Юрочке все самое лучшее, Юрочке все в первую очередь, и одеть его надо, и накормить, а меня как будто и нету! И деньги, какие в доме заведутся, все ему! А если мать ему не даст — он сам вытащит, не постесняется! Конечно, ему много нужно — то он в клуб закатится, то вечеринка с приятелями… а то влипнет в какую-нибудь историю, из милиции его мать вытаскивает — опять деньги нужны!

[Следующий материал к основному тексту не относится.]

lemma card_completions_eq_sum:
  assumes "P \<subset> {1..n}"
  shows "card (completions n P) = (\<Sum>x \<in> {x \<in> {1..n} - P. admissible P x}. card (completions n (insert x P)))"
proof -
  have "card (completions n P) = (\<Sum>x \<in> {x \<in> {1..n} - P. admissible P x}. card ((#) x ` completions n (insert x P)))"
    unfolding completions_eq_UN[OF assms]
    by (rule card_UN_disjoint) (auto simp: finite_completions)
  also have "\<dots> = (\<Sum>x \<in> {x \<in> {1..n} - P. admissible P x}. card (completions n (insert x P)))"
    by (simp add: card_image)
  finally show ?thesis .
qed

lemma sum_ballot_admissible_choices:
  assumes "P \<subset> {1..n}" "P \<noteq> {}"
  defines "m \<equiv> Max P" and "c \<equiv> card P"
  shows "(\<Sum>x \<in> {x \<in> {1..n} - P. admissible P x}. ballot (n - max x m) (max x m - Suc c))
           = ballot (n - m) (m - c)"
proof -
  define G where "G = {1..m} - P"
  have "P \<subseteq> {1..n}" "finite P" "finite G"
    using assms(1) finite_subset by (auto simp: G_def)
  then have "m \<le> n" "P \<subseteq> {1..m}"
    using assms(2) by (auto simp: m_def)
  then have "c \<le> m"
    using card_mono[of "{1..m}" P] by (simp add: c_def)
  have "c < n"
    using assms(1) psubset_card_mono[of "{1..n}" P] by (simp add: c_def)
  have "card G = m - c"
    using card_gaps_below_Max[OF \<open>P \<subseteq> {1..n}\<close> assms(2)] by (simp add: G_def m_def c_def)
  then have "G = {} \<longleftrightarrow> \<not> c < m"
    using \<open>c \<le> m\<close> \<open>finite G\<close> by auto
  have "{x \<in> {1..n} - P. admissible P x} = {m<..n} \<union> {x \<in> G. x = Max G}"
    unfolding G_def m_def by (rule admissible_choices[OF \<open>P \<subseteq> {1..n}\<close> assms(2)])
  also have "{x \<in> G. x = Max G} = (if c < m then {Max G} else {})"
    using Max_in[OF \<open>finite G\<close>] \<open>G = {} \<longleftrightarrow> \<not> c < m\<close> by auto
  finally have choices: "{x \<in> {1..n} - P. admissible P x} = {m<..n} \<union> (if c < m then {Max G} else {})" .
  have "Max G \<le> m" if "c < m"
    using that Max_in[OF \<open>finite G\<close>] \<open>G = {} \<longleftrightarrow> \<not> c < m\<close> by (auto simp: G_def)
  then have "(\<Sum>x \<in> {x \<in> {1..n} - P. admissible P x}. ballot (n - max x m) (max x m - Suc c))
      = (\<Sum>x \<in> {m<..n}. ballot (n - x) (x - Suc c)) + (if c < m then ballot (n - m) (m - Suc c) else 0)"
    unfolding choices by (cases "c < m") (simp_all add: sum.insert max_def)
  also have "\<dots> = ballot (n - m) (m - c)"
    using ballot_eq_sum_greaterThan[OF \<open>c \<le> m\<close> \<open>m \<le> n\<close> \<open>c < n\<close>] by simp
  finally show ?thesis .
qed
(* In the setting described in the context, suppose that the nearest neighbour recurrence coefficients satisfy \[ \max_{1\le i\le r}\sup_{\ell\ge0}|a_{\vec n_\ell,i}|<\infty \quad\text{and}\quad \max_{1\le i\le r}\sup_{\vec n\in\mathbb{N}_0^r}|b_{\vec n,i}|<\infty. \] Then the matrix $J$ associated with the path $(\vec n_\ell)$ satisfies $\sup_{|i-j|\le R}|J_{i,j}|<\infty$ for every $R\ge0$.
   Context: Let $r\ge1$ and let $\mu_1,\dots,\mu_r$ be positive Borel measures on $\mathbb{R}$ with all moments finite, forming a perfect system: for every $\vec n\in\mathbb{N}_0^r$ there is a monic polynomial $P_{\vec n}$ of degree $|\vec n|=n_1+\dots+n_r$ with $\int x^kP_{\vec n}\,d\mu_j=0$ for $0\le k\le n_j-1$, $1\le j\le r$. These satisfy the nearest neighbour recurrence relations $xP_{\vec n}(x)=P_{\vec n+\vec e_k}(x)+b_{\vec n,k}P_{\vec n}(x)+\sum_{j=1}^ra_{\vec n,j}P_{\vec n-\vec e_j}(x)$, $1\le k\le r$, with real coefficients $a_{\vec n,j},b_{\vec n,k}$ ($\vec e_j$ the $j$-th unit vector). Fix a path $(\vec n_\ell)_{\ell\ge0}$ with $|\vec n_\ell|=\ell$ and $\vec n_{\ell+1}=\vec n_\ell+\vec e_{i_\ell}$, $i_\ell\in\{1,\dots,r\}$, and set $p_\ell=P_{\vec n_\ell}$. The matrix $J=[J_{\ell,k}]_{\ell,k\ge0}$ is defined by $xp_\ell=\sum_{k=0}^{\ell+1}J_{\ell,k}p_k$, with $J_{\ell,k}=0$ for $k>\ell+1$. *)

theory Defs
  imports "HOL-Analysis.Analysis" "HOL-Computational_Algebra.Polynomial"
begin

text \<open>Multi-indices in N_0^r are represented as functions nat => nat that vanish
outside {1..r}.\<close>

definition mindex :: "nat \<Rightarrow> (nat \<Rightarrow> nat) set" where
  "mindex r = {n. \<forall>i. i \<notin> {1..r} \<longrightarrow> n i = 0}"

definition mlen :: "nat \<Rightarrow> (nat \<Rightarrow> nat) \<Rightarrow> nat" where
  "mlen r n = (\<Sum>i=1..r. n i)"

definition unitv :: "nat \<Rightarrow> nat \<Rightarrow> nat" where
  "unitv j = (\<lambda>i. if i = j then 1 else 0)"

А теперь еще, — Нина оглянулась и понизила голос, — он, кажется, на наркоту подсел! Мать мне не верит, а я шприц у него своими глазами видела!
Нина выпрямилась и подозрительно посмотрела на Маркиза:
— А что это ты все выспрашиваешь? Зачем тебе это надо? На мента ты вроде не похож, на бандита тоже…
— И на том спасибо!
— Ты что — из тех, кто Юрке наркоту поставляет? — ее глаза засверкали, она сжала кулаки и замахнулась на Маркиза.
— Да нет, не бойся, я по другому делу…
— А если так — гони деньги и проваливай… в смысле, выпусти меня из своей машины!